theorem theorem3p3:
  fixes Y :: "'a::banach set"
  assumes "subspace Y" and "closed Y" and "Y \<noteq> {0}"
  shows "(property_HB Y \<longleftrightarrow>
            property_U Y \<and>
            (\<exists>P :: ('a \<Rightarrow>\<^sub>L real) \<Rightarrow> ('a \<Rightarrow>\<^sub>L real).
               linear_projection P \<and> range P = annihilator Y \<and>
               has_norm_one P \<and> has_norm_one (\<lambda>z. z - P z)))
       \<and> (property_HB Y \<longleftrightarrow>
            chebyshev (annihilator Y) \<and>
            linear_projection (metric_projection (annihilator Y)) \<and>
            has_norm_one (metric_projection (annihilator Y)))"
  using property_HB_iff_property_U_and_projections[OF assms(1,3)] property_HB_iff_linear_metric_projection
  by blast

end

•••••

The line containing "chebyshev (annihilator Y) \<and>" marks where to begin; copy it and every later line exactly, through the end of the data.

            chebyshev (annihilator Y) \<and>
            linear_projection (metric_projection (annihilator Y)) \<and>
            has_norm_one (metric_projection (annihilator Y)))"
  using property_HB_iff_property_U_and_projections[OF assms(1,3)] property_HB_iff_linear_metric_projection
  by blast

end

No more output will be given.